B) INDAGINE SIEROLOGICA
Saranno testati i sieri di almeno 459 soggetti sani tra 0-14 anni, circa 155 per classi di età (0-4; 5-9; 10-14 anni) residenti in Emilia Romagna. Su questi campioni verrà determinata la sieroprevalenza nei confronti dei tre virus poliomielitici mediante titolazione degli anticorpi neutralizzanti l'infettività in colture di tessuto. Il titolo anticorpale sarà desunto dalla più alta diluizione di siero in grado di proteggere completamente le culture cellulari contro 100 TCID50 di virus challenge. Titoli anticorpali uguali o superiori a 1:8 saranno considerati protettivi.

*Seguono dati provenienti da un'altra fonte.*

lemma sets_borel_deviation_gt:
  fixes f g :: "real \<Rightarrow> real"
  assumes "A \<in> sets borel" "continuous_on A f" "mono_on A g"
  shows "{x\<in>A. \<gamma> < \<bar>f x - g x\<bar>} \<in> sets borel"
proof -
  have "(\<lambda>x. \<bar>f x - g x\<bar>) \<in> borel_measurable (restrict_space borel A)"
    using borel_measurable_continuous_on_restrict[OF assms(2)] borel_measurable_mono_on_fnc[OF assms(3)]
    by measurable
  then have "{x \<in> space (restrict_space borel A). \<gamma> < \<bar>f x - g x\<bar>} \<in> sets (restrict_space borel A)"
    by (simp add: borel_measurable_iff_greater)
  then show ?thesis
    using assms(1) by (subst (asm) sets_restrict_space_iff) (auto simp: space_restrict_space)
qed

lemma measure_deviation_ge:
  fixes f g :: "real \<Rightarrow> real"
  assumes "0 < \<beta>" "\<beta> \<le> 1" "0 < L" "0 \<le> \<gamma>" "0 \<le> h"
    and holder: "\<forall>x\<in>{0..1}. \<forall>y\<in>{0..1}. \<bar>f x - f y\<bar> \<le> L * \<bar>x - y\<bar> powr \<beta>"
    and "mono_on {0..1} g"
    and "0 \<le> a" "a < b" "b \<le> 1"
    and drop: "2 * \<gamma> + 2 * L * h powr \<beta> \<le> f a - f b"
  shows "h \<le> measure lborel {x\<in>{0..1}. \<gamma> < \<bar>f x - g x\<bar>}"
proof -
  define E where "E = {x\<in>{0..1}. \<gamma> < \<bar>f x - g x\<bar>}"
  have "E \<in> sets borel"
    unfolding E_def using holder_continuous_on[OF holder \<open>0 < \<beta>\<close>] \<open>mono_on {0..1} g\<close>
    by (intro sets_borel_deviation_gt) auto
  then have E: "E \<in> fmeasurable lborel"
    by (intro fmeasurableI2[OF fmeasurable_cbox[of 0 1, unfolded cbox_interval]]) (auto simp: E_def)
  have "\<bar>f a - f b\<bar> \<le> L * \<bar>b - a\<bar> powr \<beta>"
    using holder[rule_format, of a b] assms(8-10) by (simp add: abs_minus_commute)
  then have "2 * h \<le> \<bar>b - a\<bar>"
    by (rule holder_drop_gap[OF \<open>0 < \<beta>\<close> \<open>\<beta> \<le> 1\<close> \<open>0 < L\<close> \<open>0 \<le> h\<close>])
       (use drop \<open>0 \<le> \<gamma>\<close> in linarith)
  then have gap: "2 * h \<le> b - a"
    using \<open>a < b\<close> by simp
  have near: "\<bar>f x - f y\<bar> < L * h powr \<beta>"
    if "x \<in> {0..1}" "y \<in> {0..1}" "\<bar>x - y\<bar> < h" for x y
  proof -
    have "\<bar>x - y\<bar> powr \<beta> < h powr \<beta>"
      using that \<open>0 < \<beta>\<close> by (intro powr_less_mono2) auto
    then have "L * \<bar>x - y\<bar> powr \<beta> < L * h powr \<beta>"
      using \<open>0 < L\<close> by simp
    then show ?thesis
      using holder that by fastforce
  qed
  have covers: "\<forall>x\<in>{a<..<a+h}. x \<in> E \<or> x + (b - a - h) \<in> E"
  proof
    fix x assume x: "x \<in> {a<..<a+h}"
    define y where "y = x + (b - a - h)"
    have xy: "x \<in> {0..1}" "y \<in> {0..1}" "x \<le> y"
      using x gap assms(8-10) by (auto simp: y_def)
    have "f a - f x < L * h powr \<beta>" "f y - f b < L * h powr \<beta>"
      using near[of a x] near[of y b] x xy assms(8-10) by (auto simp: y_def)
    moreover have "g x \<le> g y"
      using \<open>mono_on {0..1} g\<close> xy by (auto intro: mono_onD)
    ultimately have "\<gamma> < f x - g x \<or> \<gamma> < g y - f y"
      using drop by linarith
    then show "x \<in> E \<or> x + (b - a - h) \<in> E"
      using xy by (auto simp: E_def y_def)
  qed
  have "h \<le> measure lborel E"
    by (rule measure_ge_if_translate_covers[OF E _ covers]) (use gap in linarith)
  then show ?thesis
    by (simp add: E_def)
qed

lemma eps0_ge_if_Fclass:
  assumes "0 < \<beta>" "\<beta> \<le> 1" "0 < L" "0 \<le> \<gamma>" "0 \<le> h"
    and "f \<in> Fclass \<beta> L \<delta>" and "2 * \<gamma> + 2 * L * h powr \<beta> \<le> \<delta>"
  shows "h \<le> eps0 \<gamma> f"
proof -
  obtain a b where ab: "0 \<le> a" "a < b" "b \<le> 1" and "\<delta> \<le> f a - f b"
    and holder: "\<forall>x\<in>{0..1}. \<forall>y\<in>{0..1}. \<bar>f x - f y\<bar> \<le> L * \<bar>x - y\<bar> powr \<beta>"
    using assms(2,6) by (auto simp: Fclass_def Hoelder_def)
  then have drop: "2 * \<gamma> + 2 * L * h powr \<beta> \<le> f a - f b"
    using assms(7) by linarith
  have "mono_on {0..1} (\<lambda>_::real. 0::real)"
    by (rule mono_onI) simp
  then have "{g. mono_on {0..1::real} (g :: real \<Rightarrow> real)} \<noteq> {}"
    by blast
  then show ?thesis
    unfolding eps0_def using measure_deviation_ge[OF assms(1-5) holder _ ab drop]
    by (intro cINF_greatest) auto
qed

lemma holder_sublevel_measure_ge:
  fixes u :: "real \<Rightarrow> real"
  assumes "0 < p" "0 \<le> L" "0 \<le> h" "h \<le> 1"
    and holder: "\<forall>x\<in>{0..1}. \<forall>y\<in>{0..1}. \<bar>u x - u y\<bar> \<le> L * \<bar>x - y\<bar> powr p"
    and "x0 \<in> {0..1}" and "u x0 + L * h powr p \<le> c"
  shows "h \<le> measure lborel {x\<in>{0..1}. u x \<le> c}"
proof -
  define S where "S = {x\<in>{0..1}. u x \<le> c}"
  have "closed ({0..1} \<inter> u -` {..c})"
    using holder_continuous_on[OF holder \<open>0 < p\<close>] by (intro continuous_closed_preimage) auto
  moreover have "S = {0..1} \<inter> u -` {..c}"
    by (auto simp: S_def)
  ultimately have "S \<in> sets borel"
    by simp
  then have S: "S \<in> fmeasurable lborel"
    by (intro fmeasurableI2[OF fmeasurable_cbox[of 0 1, unfolded cbox_interval]]) (auto simp: S_def)
  define I where "I = {max 0 (x0 - h) .. min 1 (x0 + h)}"
  have "I \<subseteq> S"
  proof
    fix x assume "x \<in> I"
    then have x: "x \<in> {0..1}" "\<bar>x - x0\<bar> \<le> h"
      by (auto simp: I_def)
    have "u x - u x0 \<le> L * \<bar>x - x0\<bar> powr p"
      using holder x \<open>x0 \<in> {0..1}\<close> by fastforce
    also have "\<dots> \<le> L * h powr p"
      using x \<open>0 < p\<close> \<open>0 \<le> L\<close> by (intro mult_left_mono powr_mono2) auto
    finally show "x \<in> S"
      using x \<open>u x0 + L * h powr p \<le> c\<close> by (simp add: S_def)
  qed
  have "h \<le> min 1 (x0 + h) - max 0 (x0 - h)"
    using \<open>0 \<le> h\<close> \<open>h \<le> 1\<close> \<open>x0 \<in> {0..1}\<close> unfolding min_def max_def by auto
  also have "\<dots> = measure lborel I"
    using \<open>0 \<le> h\<close> \<open>x0 \<in> {0..1}\<close> by (simp add: I_def)
  also have "\<dots> \<le> measure lborel S"
    using \<open>I \<subseteq> S\<close> S by (intro measure_mono_fmeasurable) (auto simp: I_def)
  finally show ?thesis
    by (simp add: S_def)
qed

lemma eps1_ge_if_Fclass:
  assumes "1 < \<beta>" "0 \<le> L" "0 \<le> \<gamma>" "0 \<le> h" "h \<le> 1"
    and "f \<in> Fclass \<beta> L \<delta>" and "2 * \<gamma> + 2 * L * h powr (\<beta> - 1) \<le> \<delta>"
  shows "h \<le> eps1 \<gamma> f"
proof -
  obtain x0 where x0: "x0 \<in> {0..1}" and "dfun f x0 \<le> - \<delta>"
    and holder: "\<forall>x\<in>{0..1}. \<forall>y\<in>{0..1}. \<bar>dfun f x - dfun f y\<bar> \<le> L * \<bar>x - y\<bar> powr (\<beta> - 1)"
    using assms(1,6) by (auto simp: Fclass_def Hoelder_def)
  moreover have "0 \<le> L * h powr (\<beta> - 1)"
    using assms(2) by simp
  ultimately have "dfun f x0 + L * h powr (\<beta> - 1) \<le> - \<gamma>"
    using assms(3,7) by linarith
  then show ?thesis
    unfolding eps1_def using assms(1-5)
    by (intro holder_sublevel_measure_ge[OF _ _ _ _ holder x0]) simp_all
qed

lemma kernel_constants_nonneg:
  assumes "kernel K Kmax LK"
  shows "0 \<le> Kmax" "0 \<le> LK"
proof -
  have "0 \<le> K 0" "K 0 \<le> Kmax" "\<bar>K 0 - K 1\<bar> \<le> LK * \<bar>0 - 1\<bar>"
    using assms unfolding kernel_def by blast+
  then show "0 \<le> Kmax" "0 \<le> LK"
    by (simp_all add: order_trans[OF abs_ge_zero])
qed

lemma Cbeta_nonneg:
  assumes "0 \<le> L" "0 \<le> \<sigma>" "kernel K Kmax LK"
  shows "0 \<le> Cbeta \<beta> L \<sigma> K Kmax LK"
proof -
  have "0 \<le> L2 \<beta> Kmax LK"
    using kernel_constants_nonneg[OF assms(3)] by (simp add: L2_def)
  moreover have "0 \<le> Wc \<beta> Kmax LK"
    by (simp add: Wc_def le_max_iff_disj)
  moreover have "0 < lam0 \<beta>"
    by (simp add: lam0_def)
  ultimately show ?thesis
    using assms(1,2) unfolding Cbeta_def Let_def
    by (auto intro!: add_nonneg_nonneg mult_nonneg_nonneg divide_nonneg_pos)
qed

lemma Deltan_pos: "2 \<le> n \<Longrightarrow> 0 < Deltan \<beta> n"
  by (simp add: Deltan_def)

lemma alph_eq_if_le_1: "0 < \<beta> \<Longrightarrow> \<beta> \<le> 1 \<Longrightarrow> alph \<beta> = \<beta>"
  by (simp add: alph_def ceiling_eq_iff)

lemma alph_eq_if_gt_1: "1 < \<beta> \<Longrightarrow> \<beta> \<le> 2 \<Longrightarrow> alph \<beta> = \<beta> - 1"
  by (simp add: alph_def ceiling_eq_iff)

theorem mainTheorem13:
  fixes \<beta> L \<sigma> Kmax LK C :: real and K :: "real \<Rightarrow> real" and n :: nat
  assumes "0 < \<beta>" "\<beta> \<le> 2" "0 < L" "0 < \<sigma>" "kernel K Kmax LK" "2 \<le> n"
    and "1 < \<beta> \<Longrightarrow> hn \<beta> L \<sigma> K Kmax n \<le> 1"
    and "C \<ge> (2 * gamman \<beta> L \<sigma> K Kmax LK n + 2 * L * hn \<beta> L \<sigma> K Kmax n powr alph \<beta>)
               / Deltan \<beta> n"
    and "f \<in> Fclass \<beta> L (C * Deltan \<beta> n)"
  shows "epsb \<beta> (gamman \<beta> L \<sigma> K Kmax LK n) f \<ge> hn \<beta> L \<sigma> K Kmax n"
proof -
  define h where "h = hn \<beta> L \<sigma> K Kmax n"
  define \<gamma> where "\<gamma> = gamman \<beta> L \<sigma> K Kmax LK n"
  have "0 \<le> h"
    by (simp add: h_def hn_def Ch_def)
  have "0 \<le> \<gamma>"
    using Cbeta_nonneg[OF _ _ assms(5), of L \<sigma> \<beta>] assms(3,4) by (simp add: \<gamma>_def gamman_def)
  have drop: "2 * \<gamma> + 2 * L * h powr alph \<beta> \<le> C * Deltan \<beta> n"
    using assms(8) Deltan_pos[OF assms(6)] by (simp add: \<gamma>_def h_def pos_divide_le_eq)
  show ?thesis
  proof (cases "\<beta> \<le> 1")
    case True
    then have "h \<le> eps0 \<gamma> f"
      using drop alph_eq_if_le_1[OF assms(1)] assms(1,3,9) \<open>0 \<le> \<gamma>\<close> \<open>0 \<le> h\<close>
      by (intro eps0_ge_if_Fclass) simp_all
    then show ?thesis
      using True by (simp add: epsb_def h_def \<gamma>_def)
  next
    case False
    then have "h \<le> eps1 \<gamma> f"
      using drop alph_eq_if_gt_1[OF _ assms(2)] assms(3,7,9) \<open>0 \<le> \<gamma>\<close> \<open>0 \<le> h\<close>
      by (intro eps1_ge_if_Fclass) (simp_all add: h_def)
    then show ?thesis
      using False by (simp add: epsb_def h_def \<gamma>_def)
  qed
qed

end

I risultati saranno stratificati per età, stato vaccinale (dove sia possibile risalire alla scheda vaccinale), immunocompetenza, area geografica di provenienza.

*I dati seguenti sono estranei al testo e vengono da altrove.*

lemma num_deg_add_leaf_to_leaf:
  assumes sg: "simple_graph V E" and "l \<in> V" and "z \<notin> V" and "deg E l = 1"
    and "k \<noteq> 1" and "k \<noteq> 2"
  shows "num_deg (insert z V) (insert {l, z} E) k = num_deg V E k"
proof -
  note deg' = deg_add_leaf[OF sg \<open>l \<in> V\<close> \<open>z \<notin> V\<close>]
  have "deg (insert {l, z} E) v = k \<longleftrightarrow> deg E v = k" if "v \<in> V" for v
  proof -
    have "v \<noteq> z" using that \<open>z \<notin> V\<close> by blast
    then show ?thesis using deg'(2) deg'(3)[of v] assms(4-6) by (cases "v = l") auto
  qed
  then have "{v \<in> insert z V. deg (insert {l, z} E) v = k} = {v \<in> V. deg E v = k}"
    using deg'(1) \<open>k \<noteq> 1\<close> by auto
  then show ?thesis by (simp add: num_deg_def)
qed

lemma medges_add_leaf_to_leaf:
  assumes sg: "simple_graph V E" and "z \<notin> V" and star_l: "{e \<in> E. l \<in> e} = {{l, p}}"
    and "l \<noteq> p" and "deg E p = 2"
    and "i \<le> j" and "(i, j) \<noteq> (1, 2)" and "(i, j) \<noteq> (2, 2)"
  shows "medges (insert {l, z} E) i j = medges E i j"
proof -
  let ?E' = "insert {l, z} E"
  have "{l, p} \<in> E" using star_l by blast
  then have "l \<in> V" "p \<in> V" using simple_graph_edge_subset[OF sg] by auto
  with \<open>z \<notin> V\<close> have "l \<noteq> z" "p \<noteq> z" by auto
  have "{l, z} \<notin> E" using simple_graph_edge_subset[OF sg] \<open>z \<notin> V\<close> by blast
  have sg': "simple_graph (insert z V) ?E'"
    using sg \<open>l \<in> V\<close> \<open>l \<noteq> z\<close> by (auto simp: simple_graph_def)
  note deg' = deg_add_leaf[OF sg \<open>l \<in> V\<close> \<open>z \<notin> V\<close>]
  have "deg E l = 1" using star_l by (simp add: deg_def)
  have same_type: "edge_type ?E' e = edge_type E e" if "e \<in> E" "e \<noteq> {l, p}" for e
  proof (rule edge_type_cong)
    fix v assume "v \<in> e"
    moreover have "l \<notin> e" "z \<notin> e"
      using that star_l simple_graph_edge_subset[OF sg] \<open>z \<notin> V\<close> by blast+
    ultimately show "deg ?E' v = deg E v" by (intro deg'(3)) auto
  qed
  have new_types: "edge_type ?E' {l, z} = (1, 2)" "edge_type ?E' {l, p} = (2, 2)"
    "edge_type E {l, p} = (1, 2)"
    using deg' \<open>deg E l = 1\<close> \<open>deg E p = 2\<close> \<open>l \<noteq> p\<close> \<open>p \<noteq> z\<close>
    by (simp_all add: edge_type_doubleton)
  have "{e \<in> ?E'. edge_type ?E' e = (i, j)} = {e \<in> E. edge_type E e = (i, j)}"
  proof (rule set_eqI)
    fix e
    show "e \<in> {e \<in> ?E'. edge_type ?E' e = (i, j)} \<longleftrightarrow> e \<in> {e \<in> E. edge_type E e = (i, j)}"
      using assms(7,8) same_type[of e] new_types \<open>{l, z} \<notin> E\<close>
      by (cases "e = {l, p}"; cases "e = {l, z}") auto
  qed
  then show ?thesis
    using \<open>i \<le> j\<close> by (simp add: medges_eq_card_edge_type[OF sg] medges_eq_card_edge_type[OF sg'])
qed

Saranno inoltre sottoposti ad indagine sierologica campioni di sangue raccolti da ciascun bambino controllato presso il Centro per le Adozioni internazionali di Parma.

C) INDAGINE AMBIENTALE
Per verificare l'eventuale presenza di virus poliomielitici nell'ambiente verranno esaminati campioni di liquame in ingresso ai 2 depuratori della città di Parma. I 2 depuratori possiedono una potenzialità di 150.000 abitanti. Il monitoraggio prevede la raccolta di 2 campioni di liquame al mese (campione medio delle 24 ore) che saranno analizzati presso la nostra unità operativa secondo una metodica suggerita dal WHO (Guidelines for environmental surveillance of poliovirus circulation)(17), e per confronto, alcuni campioni saranno inviati all'Unità Operativa di Roma, dove verranno analizzati secondo la metodica di riferimento a flusso tangenziale. La ricerca di virus enterici avverrà mediante la semina dell'estratto ottenuto dalla concentrazione del liquame (metodica WHO)in 2 linee cellulari: BGM ed L20B. Periodicamente verranno praticati esperimenti di infezione artificiale con sospensione di poliovirus a concentrazione nota per verificare l'efficienza del metodo che risulta in grado di rilevare la presenza di 10-20 TCID50 in 500 ml di liquame.
I poliovirus eventualmente isolati, verranno inviati all'Unità Operativa di Roma per la caratterizzazione genetica.